Clinical implications

As Epac2 is involved in many physiological functions in various cells, defects in the Epac2/Rap1 signaling mechanism could contribute to the development of various pathological states. Studies of Epac2 knockout mice indicate that Epac-mediated signaling is required for potentiation of insulin secretion by incretins (gut hormones released from enteroendocrine cells following meal ingestion) such as glucagon-like peptide-1 (GLP-1) and glucose-dependent insulinotropic polypeptide, suggesting that Epac2 is a promising target for treatment of diabetes.
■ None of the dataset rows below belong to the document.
(* Let $\langle\cdot,\cdot\rangle$ be an inner product on $\mathrm{span}(\mathcal{H})$ and let $d(A,B)=\langle h_A-h_B,h_A-h_B\rangle^{1/2}$ for $A,B\in\mathcal{K}_n$. Let $A_1,\dots,A_N\in\mathcal{K}_n$ with $N\geq 1$. Then the convex body $X\in\mathcal{K}_n$ minimizing $\sum_{i=1}^N d(A_i,X)^2$ is $X=\frac{1}{N}\sum_{i=1}^N A_i$ (Minkowski sum).
   Context: A convex body is a closed, bounded, non-empty convex subset of $\mathbb{R}^n$; $\mathcal{K}_n$ is the set of convex bodies in $\mathbb{R}^n$ with Minkowski addition and nonnegative scaling. The support function of $A$ is $h_A(x)=\sup\{a\cdot x: a\in A\}$; $\mathcal{H}=\{h_A : A\in\mathcal{K}_n\}$ and $\mathrm{span}(\mathcal{H})$ is its linear span among real functions on $\mathbb{R}^n$. *)

theory Defs
  imports "HOL-Analysis.Analysis" "HOL-Library.Set_Algebras"
begin

definition convex_bodies :: "'a::euclidean_space set set" where
  "convex_bodies = {A. closed A \<and> bounded A \<and> A \<noteq> {} \<and> convex A}"

definition support_fun :: "'a::euclidean_space set \<Rightarrow> 'a \<Rightarrow> real" where
  "support_fun A x = (SUP a\<in>A. a \<bullet> x)"

definition span_H :: "('a::euclidean_space \<Rightarrow> real) set" where
  "span_H = {f. \<exists>(k::nat) (c::nat \<Rightarrow> real) (B::nat \<Rightarrow> 'a set).
                 (\<forall>i<k. B i \<in> convex_bodies) \<and>
                 f = (\<lambda>x. \<Sum>i<k. c i * support_fun (B i) x)}"

definition inner_product_on_span_H ::
    "(('a::euclidean_space \<Rightarrow> real) \<Rightarrow> ('a \<Rightarrow> real) \<Rightarrow> real) \<Rightarrow> bool" where
  "inner_product_on_span_H ip \<longleftrightarrow>
     (\<forall>f\<in>span_H. \<forall>g\<in>span_H. ip f g = ip g f) \<and>
     (\<forall>f\<in>span_H. \<forall>g\<in>span_H. \<forall>k\<in>span_H. ip (\<lambda>x. f x + g x) k = ip f k + ip g k) \<and>
     (\<forall>f\<in>span_H. \<forall>g\<in>span_H. \<forall>c::real. ip (\<lambda>x. c * f x) g = c * ip f g) \<and>
     (\<forall>f\<in>span_H. ip f f \<ge> 0) \<and>
     (\<forall>f\<in>span_H. ip f f = 0 \<longrightarrow> f = (\<lambda>x. 0))"

definition body_dist ::
    "(('a::euclidean_space \<Rightarrow> real) \<Rightarrow> ('a \<Rightarrow> real) \<Rightarrow> real) \<Rightarrow> 'a set \<Rightarrow> 'a set \<Rightarrow> real" where
  "body_dist ip A B =
     sqrt (ip (\<lambda>x. support_fun A x - support_fun B x) (\<lambda>x. support_fun A x - support_fun B x))"

text \<open>Minkowski average (1/N)(A_0 + ... + A_{N-1}); the sum is the Minkowski sum
  from Set_Algebras.\<close>
definition minkowski_average :: "nat \<Rightarrow> (nat \<Rightarrow> 'a::euclidean_space set) \<Rightarrow> 'a set" where
  "minkowski_average N A = (\<lambda>v. (1 / real N) *\<^sub>R v) ` (\<Sum>i<N. A i)"

end

theory Submission
  imports Defs
begin

text \<open>Support functions turn Minkowski addition and nonnegative scaling into pointwise
  addition and scaling, so the support function h_M of the Minkowski average M of the A_i is
  the mean of the h_A_i. Writing h_A_i - h_Y = (h_A_i - h_M) + (h_M - h_Y), where the first
  summands add up to zero, the cross terms cancel and
  \<Sum>_i d(A_i, Y)^2 = \<Sum>_i d(A_i, M)^2 + N d(M, Y)^2.
  Hence Y is a minimiser iff d(M, Y) = 0, i.e. h_Y = h_M, and a convex body is determined by
  its support function, being the intersection of its supporting half-spaces.\<close>

lemma convex_bodies_iff: "A \<in> convex_bodies \<longleftrightarrow> compact A \<and> convex A \<and> A \<noteq> {}"
  unfolding convex_bodies_def using compact_eq_bounded_closed by blast

lemma support_fun_eqI:
  assumes "a \<in> A" "\<And>b. b \<in> A \<Longrightarrow> b \<bullet> x \<le> a \<bullet> x"
  shows "support_fun A x = a \<bullet> x"
  unfolding support_fun_def by (rule cSup_eq_maximum) (use assms in auto)
(* Let $G=(V,E,w)$ be a connected undirected graph with positive edge weights, let $v\in V$, let $E_v$ be a set of node pairs $\{u,v\}$ with $u\neq v$ and $\{u,v\}\notin E$, each $e\in E_v$ having a given positive weight $w(e)$, and let $k\le |E_v|$ be a positive integer. For $S\subseteq E_v$ let $\mathcal{R}(S)$ be the resistance distance of $v$ in $G(S)$. Consider the greedy procedure: start with $S=\emptyset$; for $i=1,\dots,k$, choose $e_i\in E_v\setminus S$ maximizing $\mathcal{R}(S)-\mathcal{R}(S\cup\{e\})$ over $e\in E_v\setminus S$ (ties broken arbitrarily) and set $S\leftarrow S\cup\{e_i\}$. Then the returned set $S$ (with $|S|=k$) satisfies $$\mathcal{R}(\emptyset)-\mathcal{R}(S)\ge\left(1-\frac{1}{e}\right)\left(\mathcal{R}(\emptyset)-\mathcal{R}(S^* )\right),$$ where $S^*$ is a minimizer of $\mathcal{R}(S')$ over all $S'\subseteq E_v$ with $|S'|=k$, and $e$ in $1-\frac1e$ is Euler's number.
   Context: For a connected weighted graph $H$ on node set $V$, its Laplacian is $\mathbf{L}=\mathbf{D}-\mathbf{A}$ ($\mathbf{A}$ weighted adjacency matrix, $\mathbf{D}$ diagonal weighted degree matrix), with Moore–Penrose pseudoinverse $\mathbf{L}^\dagger$. The resistance distance between nodes $a,b$ is $\mathcal{R}_{ab}=(\mathbf{e}_a-\mathbf{e}_b)^\top\mathbf{L}^\dagger(\mathbf{e}_a-\mathbf{e}_b)$, and the resistance distance of node $v$ is $\mathcal{R}_v=\sum_{u\in V}\mathcal{R}_{uv}$. For $S\subseteq E_v$, $G(S)=(V,E\cup S,w')$ is the graph obtained from $G$ by adding the edges of $S$ with their given weights. *)

theory Defs
  imports "HOL-Analysis.Analysis"
begin

text \<open>Vertices form a finite type 'n. A weighted undirected graph is given by a
symmetric weight function w, with an edge {a,b} present iff w a b > 0.\<close>

definition weighted_graph :: "('n \<Rightarrow> 'n \<Rightarrow> real) \<Rightarrow> bool" where
  "weighted_graph w \<longleftrightarrow> (\<forall>a b. w a b = w b a) \<and> (\<forall>a. w a a = 0) \<and> (\<forall>a b. w a b \<ge> 0)"

definition edges :: "('n \<Rightarrow> 'n \<Rightarrow> real) \<Rightarrow> 'n set set" where
  "edges w = {{a, b} | a b. w a b > 0}"

definition connected_graph :: "('n \<Rightarrow> 'n \<Rightarrow> real) \<Rightarrow> bool" where
  "connected_graph w \<longleftrightarrow> (\<forall>a b. (a, b) \<in> ({(x, y). w x y > 0})\<^sup>*)"

definition weighted_adj :: "('n::finite \<Rightarrow> 'n \<Rightarrow> real) \<Rightarrow> real^'n^'n" where
  "weighted_adj w = (\<chi> i j. w i j)"

definition degree_mat :: "('n::finite \<Rightarrow> 'n \<Rightarrow> real) \<Rightarrow> real^'n^'n" where
  "degree_mat w = (\<chi> i j. if i = j then (\<Sum>k\<in>UNIV. w i k) else 0)"

definition laplacian :: "('n::finite \<Rightarrow> 'n \<Rightarrow> real) \<Rightarrow> real^'n^'n" where
  "laplacian w = degree_mat w - weighted_adj w"

definition is_pinv :: "real^'n::finite^'n \<Rightarrow> real^'n^'n \<Rightarrow> bool" where
  "is_pinv A X \<longleftrightarrow> A ** X ** A = A \<and> X ** A ** X = X \<and>
     transpose (A ** X) = A ** X \<and> transpose (X ** A) = X ** A"

definition pinv :: "real^'n::finite^'n \<Rightarrow> real^'n^'n" where
  "pinv A = (THE X. is_pinv A X)"

definition unit_vec :: "'n::finite \<Rightarrow> real^'n" where
  "unit_vec a = (\<chi> i. if i = a then 1 else 0)"
lemma hardy_const_sharp:
  fixes \<nu> :: "real \<Rightarrow> real"
  assumes cont: "continuous_on {0..1} \<nu>" and pos: "\<And>x. x \<in> {0..1} \<Longrightarrow> \<nu> x > 0"
    and C: "C < hardy_const \<nu>"
  shows "\<exists>f f'. f 0 = 0 \<and> deriv_on_unit f f' \<and> \<not> wL1 \<nu> f \<le> ennreal C * wL1 \<nu> f'"
proof -
  txt \<open>A positive \<open>C' \<ge> C\<close> keeps the maximiser \<open>x0\<close> of \<open>N / \<nu>\<close> away from 1, where \<open>N\<close> vanishes.\<close>
  define C' where "C' = max C (hardy_const \<nu> / 2)"
  have C': "0 < C'" "C' < hardy_const \<nu>" "C \<le> C'"
    using C hardy_const_pos[OF cont pos] by (auto simp: C'_def)
  obtain x0 where x0: "x0 \<in> {0..1}" "hardy_const \<nu> = (1 / \<nu> x0) * integral {x0..1} \<nu>"
    using hardy_const_attained[OF cont pos] by blast
  define \<nu>0 N0 where "\<nu>0 = \<nu> x0" and "N0 = integral {x0..1} \<nu>"
  have \<nu>0: "0 < \<nu>0"
    using pos[OF x0(1)] by (simp add: \<nu>0_def)
  have gap: "C' * \<nu>0 < N0"
    using C'(2) x0(2) \<nu>0 by (simp add: \<nu>0_def N0_def field_simps)
  have "x0 \<noteq> 1"
  proof
    assume "x0 = 1"
    then have "N0 = 0" by (simp add: N0_def)
    with gap mult_pos_pos[OF C'(1) \<nu>0] show False
      by linarith
  qed
  with x0(1) have x0': "x0 \<in> {0..<1}" by simp
  define \<eta> where "\<eta> = (N0 - C' * \<nu>0) / (2 * (C' + 1))"
  have \<eta>: "0 < \<eta>"
    using gap C'(1) by (simp add: \<eta>_def)
  have "\<eta> * (C' + 1) = (N0 - C' * \<nu>0) / 2"
    using C'(1) by (simp add: \<eta>_def field_simps)
  then have key: "C' * (\<nu>0 + \<eta>) < N0 - \<eta>"
    using gap by (simp add: algebra_simps)
  obtain f h :: "real \<Rightarrow> real" and I :: real where test: "f 0 = 0" "deriv_on_unit f h" "0 < I"
    "wL1 \<nu> h \<le> ennreal ((\<nu>0 + \<eta>) * I)" "ennreal ((N0 - \<eta>) * I) \<le> wL1 \<nu> f"
    using concentrated_test_function[OF cont pos x0' \<eta>] unfolding \<nu>0_def N0_def by metis
  have "ennreal C * wL1 \<nu> h \<le> ennreal C' * ennreal ((\<nu>0 + \<eta>) * I)"
    using C'(3) test(4) by (intro mult_mono ennreal_leI) auto
  also have "\<dots> = ennreal (C' * (\<nu>0 + \<eta>) * I)"
    using C'(1) by (simp add: ennreal_mult' mult.assoc)
  also have "\<dots> < ennreal ((N0 - \<eta>) * I)"
    using key test(3) mult_pos_pos[OF C'(1), of "\<nu>0 + \<eta>"] \<nu>0 \<eta>
    by (intro ennreal_lessI mult_strict_right_mono mult_pos_pos) auto
  also have "\<dots> \<le> wL1 \<nu> f"
    by (rule test(5))
  finally show ?thesis
    using test(1,2) by (auto simp: not_le)
qed

theorem theorem5:
  fixes \<nu> :: "real \<Rightarrow> real"
  assumes cont: "continuous_on {0..1} \<nu>"
    and pos: "\<And>x. x \<in> {0..1} \<Longrightarrow> \<nu> x > 0"
  shows "(\<forall>f f'. f 0 = 0 \<and> deriv_on_unit f f' \<longrightarrow>
            wL1 \<nu> f \<le> ennreal (hardy_const \<nu>) * wL1 \<nu> f')
       \<and> (\<forall>C < hardy_const \<nu>. \<exists>f f'. f 0 = 0 \<and> deriv_on_unit f f' \<and>
            \<not> (wL1 \<nu> f \<le> ennreal C * wL1 \<nu> f'))"
  using weighted_hardy_inequality[OF cont pos] hardy_const_sharp[OF cont pos] by blast

end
In fact, incretin-based diabetes therapies are currently used in clinical practice worldwide; development of Epac2-selective agonists might well lead to the discovery of further novel anti-diabetic drugs. An analog of GLP-1 has been shown to exert a blood pressure-lowering effect by stimulation of atrial natriuretic peptide (ANP) secretion through Epac2. In heart, chronic stimulation of β-adrenergic receptor is known to progress to arrhythmia through an Epac2-dependent mechanism. In brain, up-regulation of Epac1 and down-regulation of Epac2 mRNA are observed in patients with Alzheimer’s disease, suggesting roles of Epacs in the disease. An Epac2 rare coding variant is found in patients with autism and could be responsible for the dendritic morphological abnormalities. Thus, Epac2 is involved in the pathogenesis and pathophysiology of various diseases, and represents a promising therapeutic target.